# Exercise description:
The expected answer comprises all lines from the entries that contain the string "exists".

━━━━━━

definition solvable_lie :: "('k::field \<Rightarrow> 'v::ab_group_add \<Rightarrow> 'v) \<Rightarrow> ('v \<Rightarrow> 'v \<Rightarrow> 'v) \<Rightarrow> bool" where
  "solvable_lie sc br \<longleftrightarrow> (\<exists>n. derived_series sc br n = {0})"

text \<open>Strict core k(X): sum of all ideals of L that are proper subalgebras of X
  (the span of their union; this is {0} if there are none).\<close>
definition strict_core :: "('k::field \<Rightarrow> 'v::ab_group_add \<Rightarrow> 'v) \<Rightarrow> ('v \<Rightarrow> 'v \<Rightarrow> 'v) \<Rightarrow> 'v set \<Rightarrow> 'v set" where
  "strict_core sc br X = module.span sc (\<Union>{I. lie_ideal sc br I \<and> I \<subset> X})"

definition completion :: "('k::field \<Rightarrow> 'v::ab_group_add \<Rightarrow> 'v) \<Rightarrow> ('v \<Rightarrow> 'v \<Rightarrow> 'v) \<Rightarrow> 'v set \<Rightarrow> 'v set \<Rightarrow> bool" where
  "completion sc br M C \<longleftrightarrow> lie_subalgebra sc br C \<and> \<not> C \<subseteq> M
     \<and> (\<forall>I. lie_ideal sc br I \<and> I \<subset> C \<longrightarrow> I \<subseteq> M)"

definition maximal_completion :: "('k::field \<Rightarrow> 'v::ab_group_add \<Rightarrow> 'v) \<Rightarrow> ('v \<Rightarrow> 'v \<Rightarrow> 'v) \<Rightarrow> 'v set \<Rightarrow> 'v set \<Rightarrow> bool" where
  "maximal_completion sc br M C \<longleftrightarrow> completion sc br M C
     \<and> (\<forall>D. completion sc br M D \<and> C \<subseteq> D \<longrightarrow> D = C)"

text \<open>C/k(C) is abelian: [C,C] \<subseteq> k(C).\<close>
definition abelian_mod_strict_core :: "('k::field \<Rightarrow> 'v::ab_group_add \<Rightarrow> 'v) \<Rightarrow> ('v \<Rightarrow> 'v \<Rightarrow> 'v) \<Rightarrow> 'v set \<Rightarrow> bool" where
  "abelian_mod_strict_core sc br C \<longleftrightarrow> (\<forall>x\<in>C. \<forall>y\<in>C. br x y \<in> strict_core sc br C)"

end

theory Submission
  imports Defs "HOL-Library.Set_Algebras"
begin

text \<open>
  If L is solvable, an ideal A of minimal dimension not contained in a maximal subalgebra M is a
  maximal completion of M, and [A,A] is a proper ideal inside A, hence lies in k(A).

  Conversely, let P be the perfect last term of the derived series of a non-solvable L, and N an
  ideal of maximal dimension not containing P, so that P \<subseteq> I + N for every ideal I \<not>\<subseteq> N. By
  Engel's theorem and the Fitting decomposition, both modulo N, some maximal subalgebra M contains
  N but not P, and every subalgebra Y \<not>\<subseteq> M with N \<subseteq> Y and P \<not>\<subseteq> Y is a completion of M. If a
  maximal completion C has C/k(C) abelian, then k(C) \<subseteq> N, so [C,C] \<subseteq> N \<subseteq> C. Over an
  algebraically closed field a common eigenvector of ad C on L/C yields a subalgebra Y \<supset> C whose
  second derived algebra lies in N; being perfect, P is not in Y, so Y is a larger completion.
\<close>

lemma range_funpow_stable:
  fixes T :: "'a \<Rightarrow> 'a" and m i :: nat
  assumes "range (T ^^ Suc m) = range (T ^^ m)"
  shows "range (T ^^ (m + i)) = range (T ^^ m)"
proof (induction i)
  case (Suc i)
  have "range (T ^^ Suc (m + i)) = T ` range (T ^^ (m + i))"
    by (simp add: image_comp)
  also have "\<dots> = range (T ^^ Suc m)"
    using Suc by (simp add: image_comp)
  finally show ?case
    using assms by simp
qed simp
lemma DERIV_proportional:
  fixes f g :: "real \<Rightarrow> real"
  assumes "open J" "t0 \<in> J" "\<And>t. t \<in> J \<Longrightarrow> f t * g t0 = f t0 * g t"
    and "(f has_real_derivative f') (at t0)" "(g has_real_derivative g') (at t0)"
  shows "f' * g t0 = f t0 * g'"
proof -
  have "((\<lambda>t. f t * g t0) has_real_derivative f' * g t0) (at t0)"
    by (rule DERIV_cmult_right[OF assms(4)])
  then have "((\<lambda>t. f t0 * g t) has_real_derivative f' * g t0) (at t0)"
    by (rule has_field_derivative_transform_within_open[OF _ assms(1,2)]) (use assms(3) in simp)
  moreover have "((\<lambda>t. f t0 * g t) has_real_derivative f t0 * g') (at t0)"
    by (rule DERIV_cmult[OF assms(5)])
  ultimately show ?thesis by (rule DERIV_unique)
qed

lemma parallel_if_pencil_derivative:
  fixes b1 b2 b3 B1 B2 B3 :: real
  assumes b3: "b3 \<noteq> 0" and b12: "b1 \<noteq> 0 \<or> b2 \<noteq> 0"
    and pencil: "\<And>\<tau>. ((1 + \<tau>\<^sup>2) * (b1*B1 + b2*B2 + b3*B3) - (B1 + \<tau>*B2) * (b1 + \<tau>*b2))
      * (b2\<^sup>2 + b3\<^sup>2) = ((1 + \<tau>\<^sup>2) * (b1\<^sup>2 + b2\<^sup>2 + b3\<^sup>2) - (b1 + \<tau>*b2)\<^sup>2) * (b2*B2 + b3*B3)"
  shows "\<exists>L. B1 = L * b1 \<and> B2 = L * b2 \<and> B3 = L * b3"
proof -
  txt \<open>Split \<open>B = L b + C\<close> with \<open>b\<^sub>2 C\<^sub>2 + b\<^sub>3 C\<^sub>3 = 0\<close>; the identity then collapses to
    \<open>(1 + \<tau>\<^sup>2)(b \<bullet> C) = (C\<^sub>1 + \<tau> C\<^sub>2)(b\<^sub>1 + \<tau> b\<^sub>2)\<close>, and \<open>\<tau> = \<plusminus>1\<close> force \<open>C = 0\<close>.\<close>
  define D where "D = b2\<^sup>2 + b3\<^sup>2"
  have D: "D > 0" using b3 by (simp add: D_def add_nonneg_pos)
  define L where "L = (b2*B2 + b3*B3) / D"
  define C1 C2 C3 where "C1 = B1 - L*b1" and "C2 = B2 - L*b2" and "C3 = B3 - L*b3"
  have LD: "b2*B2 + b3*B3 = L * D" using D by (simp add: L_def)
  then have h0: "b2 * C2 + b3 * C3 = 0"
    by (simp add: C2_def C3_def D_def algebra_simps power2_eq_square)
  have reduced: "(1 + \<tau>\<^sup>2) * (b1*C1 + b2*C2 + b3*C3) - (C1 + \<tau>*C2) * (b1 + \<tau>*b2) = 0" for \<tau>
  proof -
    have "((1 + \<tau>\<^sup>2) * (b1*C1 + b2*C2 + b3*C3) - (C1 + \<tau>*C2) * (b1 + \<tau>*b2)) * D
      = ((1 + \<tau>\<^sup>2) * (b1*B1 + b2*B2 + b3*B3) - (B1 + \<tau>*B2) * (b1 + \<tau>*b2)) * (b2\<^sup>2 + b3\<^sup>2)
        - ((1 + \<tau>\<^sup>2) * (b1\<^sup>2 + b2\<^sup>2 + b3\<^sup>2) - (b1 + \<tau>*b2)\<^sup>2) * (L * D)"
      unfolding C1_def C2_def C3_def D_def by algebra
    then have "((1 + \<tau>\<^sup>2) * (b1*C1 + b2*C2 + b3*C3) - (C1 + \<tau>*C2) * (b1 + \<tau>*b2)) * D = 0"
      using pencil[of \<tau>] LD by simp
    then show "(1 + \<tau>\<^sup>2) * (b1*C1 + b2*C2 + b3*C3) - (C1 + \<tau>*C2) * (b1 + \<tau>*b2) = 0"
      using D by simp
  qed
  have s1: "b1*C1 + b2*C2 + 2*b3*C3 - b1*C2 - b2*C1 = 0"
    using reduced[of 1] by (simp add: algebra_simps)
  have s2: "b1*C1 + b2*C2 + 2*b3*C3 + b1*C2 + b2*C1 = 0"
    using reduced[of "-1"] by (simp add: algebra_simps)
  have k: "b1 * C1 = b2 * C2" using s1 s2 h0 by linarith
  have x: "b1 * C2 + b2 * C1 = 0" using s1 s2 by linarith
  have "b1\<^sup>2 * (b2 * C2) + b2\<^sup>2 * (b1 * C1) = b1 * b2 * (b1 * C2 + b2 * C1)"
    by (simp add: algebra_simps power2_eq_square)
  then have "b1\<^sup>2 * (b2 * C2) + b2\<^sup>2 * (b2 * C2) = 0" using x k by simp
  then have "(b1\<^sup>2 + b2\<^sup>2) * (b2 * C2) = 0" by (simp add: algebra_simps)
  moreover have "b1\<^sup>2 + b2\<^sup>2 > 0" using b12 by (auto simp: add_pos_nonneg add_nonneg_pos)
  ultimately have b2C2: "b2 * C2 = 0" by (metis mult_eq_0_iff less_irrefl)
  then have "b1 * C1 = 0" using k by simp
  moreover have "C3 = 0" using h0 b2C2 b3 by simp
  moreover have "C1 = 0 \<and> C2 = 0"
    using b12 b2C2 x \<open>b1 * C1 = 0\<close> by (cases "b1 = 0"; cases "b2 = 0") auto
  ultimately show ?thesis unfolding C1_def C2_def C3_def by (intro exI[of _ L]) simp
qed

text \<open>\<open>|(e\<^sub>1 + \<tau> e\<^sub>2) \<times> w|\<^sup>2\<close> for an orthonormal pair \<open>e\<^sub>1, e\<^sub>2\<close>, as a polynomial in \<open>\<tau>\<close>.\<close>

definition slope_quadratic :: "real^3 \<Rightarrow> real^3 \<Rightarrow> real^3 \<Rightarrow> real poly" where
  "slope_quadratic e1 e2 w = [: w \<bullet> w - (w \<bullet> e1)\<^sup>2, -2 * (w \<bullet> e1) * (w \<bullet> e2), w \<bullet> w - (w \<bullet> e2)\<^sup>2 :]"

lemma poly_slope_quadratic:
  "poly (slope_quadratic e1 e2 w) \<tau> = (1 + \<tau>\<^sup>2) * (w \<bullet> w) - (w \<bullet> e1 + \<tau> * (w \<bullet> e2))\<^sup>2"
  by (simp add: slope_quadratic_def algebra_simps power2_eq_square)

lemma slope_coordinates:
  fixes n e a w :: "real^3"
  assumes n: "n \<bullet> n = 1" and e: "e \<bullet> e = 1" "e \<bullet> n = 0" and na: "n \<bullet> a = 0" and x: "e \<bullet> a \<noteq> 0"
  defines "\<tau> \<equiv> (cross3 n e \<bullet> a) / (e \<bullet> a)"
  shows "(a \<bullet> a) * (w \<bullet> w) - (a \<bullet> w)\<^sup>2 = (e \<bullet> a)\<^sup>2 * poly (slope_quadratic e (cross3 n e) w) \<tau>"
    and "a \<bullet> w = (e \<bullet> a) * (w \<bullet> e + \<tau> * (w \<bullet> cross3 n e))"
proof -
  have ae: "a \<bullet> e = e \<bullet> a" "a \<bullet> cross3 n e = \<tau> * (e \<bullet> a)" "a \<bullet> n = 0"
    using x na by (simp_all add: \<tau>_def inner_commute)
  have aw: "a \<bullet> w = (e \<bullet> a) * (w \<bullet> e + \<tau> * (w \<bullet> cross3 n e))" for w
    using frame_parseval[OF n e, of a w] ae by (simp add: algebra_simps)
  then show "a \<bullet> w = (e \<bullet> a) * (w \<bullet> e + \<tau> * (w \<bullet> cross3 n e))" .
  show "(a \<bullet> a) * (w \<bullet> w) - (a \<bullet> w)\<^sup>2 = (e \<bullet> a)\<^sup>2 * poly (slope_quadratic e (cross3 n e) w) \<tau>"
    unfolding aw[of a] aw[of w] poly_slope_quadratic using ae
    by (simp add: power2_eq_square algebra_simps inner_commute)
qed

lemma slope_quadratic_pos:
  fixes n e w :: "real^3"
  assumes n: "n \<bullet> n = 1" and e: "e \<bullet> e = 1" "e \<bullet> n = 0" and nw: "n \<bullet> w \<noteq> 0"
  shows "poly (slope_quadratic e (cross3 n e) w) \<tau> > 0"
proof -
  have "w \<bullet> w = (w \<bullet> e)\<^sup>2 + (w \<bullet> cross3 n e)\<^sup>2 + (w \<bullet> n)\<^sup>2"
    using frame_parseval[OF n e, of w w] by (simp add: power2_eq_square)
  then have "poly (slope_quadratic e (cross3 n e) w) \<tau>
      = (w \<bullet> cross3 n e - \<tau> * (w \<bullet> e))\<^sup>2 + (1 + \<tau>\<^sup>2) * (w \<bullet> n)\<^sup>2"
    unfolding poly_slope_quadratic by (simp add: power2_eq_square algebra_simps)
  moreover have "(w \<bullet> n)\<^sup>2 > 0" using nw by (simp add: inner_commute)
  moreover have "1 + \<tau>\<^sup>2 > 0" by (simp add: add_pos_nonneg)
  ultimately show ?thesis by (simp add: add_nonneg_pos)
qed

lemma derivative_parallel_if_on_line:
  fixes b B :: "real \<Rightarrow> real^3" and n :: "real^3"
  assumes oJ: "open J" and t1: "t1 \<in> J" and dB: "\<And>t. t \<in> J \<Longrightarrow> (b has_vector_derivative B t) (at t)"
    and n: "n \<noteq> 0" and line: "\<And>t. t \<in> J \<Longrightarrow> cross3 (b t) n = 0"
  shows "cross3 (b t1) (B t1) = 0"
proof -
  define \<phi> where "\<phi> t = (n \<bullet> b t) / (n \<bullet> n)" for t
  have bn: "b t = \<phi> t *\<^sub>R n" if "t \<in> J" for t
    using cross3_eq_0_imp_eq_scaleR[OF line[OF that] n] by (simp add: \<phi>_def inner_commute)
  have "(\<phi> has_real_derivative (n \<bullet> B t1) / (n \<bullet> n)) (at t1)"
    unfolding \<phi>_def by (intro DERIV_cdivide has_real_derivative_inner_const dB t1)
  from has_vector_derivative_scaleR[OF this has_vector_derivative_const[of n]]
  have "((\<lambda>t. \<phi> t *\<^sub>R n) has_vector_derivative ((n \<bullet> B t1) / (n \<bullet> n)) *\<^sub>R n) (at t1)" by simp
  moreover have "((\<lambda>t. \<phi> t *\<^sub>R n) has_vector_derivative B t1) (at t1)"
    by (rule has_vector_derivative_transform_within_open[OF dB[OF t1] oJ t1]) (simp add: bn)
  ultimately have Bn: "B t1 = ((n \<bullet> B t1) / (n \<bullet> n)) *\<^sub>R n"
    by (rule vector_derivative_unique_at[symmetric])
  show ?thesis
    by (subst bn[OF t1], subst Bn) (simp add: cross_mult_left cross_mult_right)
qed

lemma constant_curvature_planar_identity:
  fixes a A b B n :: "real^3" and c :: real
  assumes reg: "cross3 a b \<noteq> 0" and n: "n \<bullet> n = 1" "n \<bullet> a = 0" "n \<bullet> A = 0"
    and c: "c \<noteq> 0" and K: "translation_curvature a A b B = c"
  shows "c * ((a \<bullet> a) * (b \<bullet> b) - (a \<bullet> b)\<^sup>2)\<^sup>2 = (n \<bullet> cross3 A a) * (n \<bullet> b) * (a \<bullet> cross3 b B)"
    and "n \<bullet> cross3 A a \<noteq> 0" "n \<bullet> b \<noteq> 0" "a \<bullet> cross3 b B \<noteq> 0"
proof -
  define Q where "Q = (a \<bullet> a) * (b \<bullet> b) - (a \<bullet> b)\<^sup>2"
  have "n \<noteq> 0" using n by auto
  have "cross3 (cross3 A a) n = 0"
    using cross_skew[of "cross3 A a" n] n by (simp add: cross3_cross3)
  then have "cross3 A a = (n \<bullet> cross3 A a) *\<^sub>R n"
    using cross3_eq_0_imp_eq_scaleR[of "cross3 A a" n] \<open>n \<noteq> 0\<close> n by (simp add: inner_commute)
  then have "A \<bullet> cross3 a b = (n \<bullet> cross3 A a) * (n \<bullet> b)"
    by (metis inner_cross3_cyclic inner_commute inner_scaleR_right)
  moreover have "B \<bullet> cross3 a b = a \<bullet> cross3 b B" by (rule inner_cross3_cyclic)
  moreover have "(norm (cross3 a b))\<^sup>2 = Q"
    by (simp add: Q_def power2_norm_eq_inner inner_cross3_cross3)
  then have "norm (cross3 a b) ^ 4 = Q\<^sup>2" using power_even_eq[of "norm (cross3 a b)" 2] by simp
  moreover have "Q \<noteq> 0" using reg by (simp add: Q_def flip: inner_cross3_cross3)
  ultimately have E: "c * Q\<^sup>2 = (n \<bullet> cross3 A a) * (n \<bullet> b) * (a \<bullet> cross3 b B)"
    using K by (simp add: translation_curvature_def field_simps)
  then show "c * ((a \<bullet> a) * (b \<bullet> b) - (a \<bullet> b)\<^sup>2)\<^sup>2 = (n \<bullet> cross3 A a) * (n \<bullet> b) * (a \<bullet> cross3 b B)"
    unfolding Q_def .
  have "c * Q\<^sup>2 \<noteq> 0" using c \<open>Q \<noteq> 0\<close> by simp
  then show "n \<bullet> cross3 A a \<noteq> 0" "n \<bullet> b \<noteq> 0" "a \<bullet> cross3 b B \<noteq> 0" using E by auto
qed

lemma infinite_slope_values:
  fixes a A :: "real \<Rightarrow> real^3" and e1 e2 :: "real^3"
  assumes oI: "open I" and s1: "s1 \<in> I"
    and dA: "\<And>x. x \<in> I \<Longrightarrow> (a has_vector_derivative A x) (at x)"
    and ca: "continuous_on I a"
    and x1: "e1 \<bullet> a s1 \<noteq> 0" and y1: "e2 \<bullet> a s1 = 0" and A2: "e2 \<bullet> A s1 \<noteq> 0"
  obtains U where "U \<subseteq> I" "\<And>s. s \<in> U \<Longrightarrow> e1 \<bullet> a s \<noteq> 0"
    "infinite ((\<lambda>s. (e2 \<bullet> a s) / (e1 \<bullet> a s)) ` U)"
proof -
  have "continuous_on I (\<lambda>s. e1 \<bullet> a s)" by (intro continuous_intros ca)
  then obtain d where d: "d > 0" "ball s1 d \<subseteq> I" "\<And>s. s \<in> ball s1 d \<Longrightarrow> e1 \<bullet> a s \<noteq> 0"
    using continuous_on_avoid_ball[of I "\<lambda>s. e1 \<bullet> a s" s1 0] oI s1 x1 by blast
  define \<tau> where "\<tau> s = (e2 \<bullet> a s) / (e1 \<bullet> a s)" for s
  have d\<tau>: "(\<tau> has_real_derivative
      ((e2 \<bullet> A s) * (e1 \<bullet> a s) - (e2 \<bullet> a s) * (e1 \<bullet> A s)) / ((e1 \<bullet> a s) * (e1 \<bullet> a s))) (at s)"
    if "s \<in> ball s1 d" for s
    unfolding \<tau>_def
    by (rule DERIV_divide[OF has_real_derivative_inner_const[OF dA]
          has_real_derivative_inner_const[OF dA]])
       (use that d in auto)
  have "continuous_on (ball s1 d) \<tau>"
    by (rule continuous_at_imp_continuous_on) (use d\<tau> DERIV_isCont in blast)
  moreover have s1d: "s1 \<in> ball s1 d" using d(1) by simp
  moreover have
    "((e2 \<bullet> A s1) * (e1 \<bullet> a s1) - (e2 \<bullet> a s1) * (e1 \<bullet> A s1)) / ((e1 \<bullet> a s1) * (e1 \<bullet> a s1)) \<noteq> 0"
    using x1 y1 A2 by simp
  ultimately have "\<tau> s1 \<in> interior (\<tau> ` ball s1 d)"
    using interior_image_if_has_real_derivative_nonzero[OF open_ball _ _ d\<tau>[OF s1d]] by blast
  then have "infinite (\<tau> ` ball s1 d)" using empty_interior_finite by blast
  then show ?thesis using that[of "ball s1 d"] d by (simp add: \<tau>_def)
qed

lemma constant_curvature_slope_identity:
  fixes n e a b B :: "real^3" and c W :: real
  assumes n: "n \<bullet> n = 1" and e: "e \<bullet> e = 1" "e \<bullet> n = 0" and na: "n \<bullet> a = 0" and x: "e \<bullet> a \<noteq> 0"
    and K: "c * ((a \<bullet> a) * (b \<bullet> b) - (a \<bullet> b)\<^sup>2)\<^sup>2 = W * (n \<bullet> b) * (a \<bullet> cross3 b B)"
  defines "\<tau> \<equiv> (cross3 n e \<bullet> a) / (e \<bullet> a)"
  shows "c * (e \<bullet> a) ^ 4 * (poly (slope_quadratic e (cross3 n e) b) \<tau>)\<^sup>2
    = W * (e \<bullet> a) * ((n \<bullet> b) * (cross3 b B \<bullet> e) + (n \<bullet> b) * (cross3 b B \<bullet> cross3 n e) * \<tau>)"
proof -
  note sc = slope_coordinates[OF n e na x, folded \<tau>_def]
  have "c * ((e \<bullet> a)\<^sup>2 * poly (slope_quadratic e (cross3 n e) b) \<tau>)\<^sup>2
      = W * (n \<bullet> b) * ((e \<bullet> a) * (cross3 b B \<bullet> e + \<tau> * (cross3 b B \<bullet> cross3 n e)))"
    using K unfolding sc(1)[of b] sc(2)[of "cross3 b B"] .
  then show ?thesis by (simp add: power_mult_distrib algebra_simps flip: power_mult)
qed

━━━━━━

# Solution to this task:
  "solvable_lie sc br \<longleftrightarrow> (\<exists>n. derived_series sc br n = {0})"
  shows "\<exists>L. B1 = L * b1 \<and> B2 = L * b2 \<and> B3 = L * b3"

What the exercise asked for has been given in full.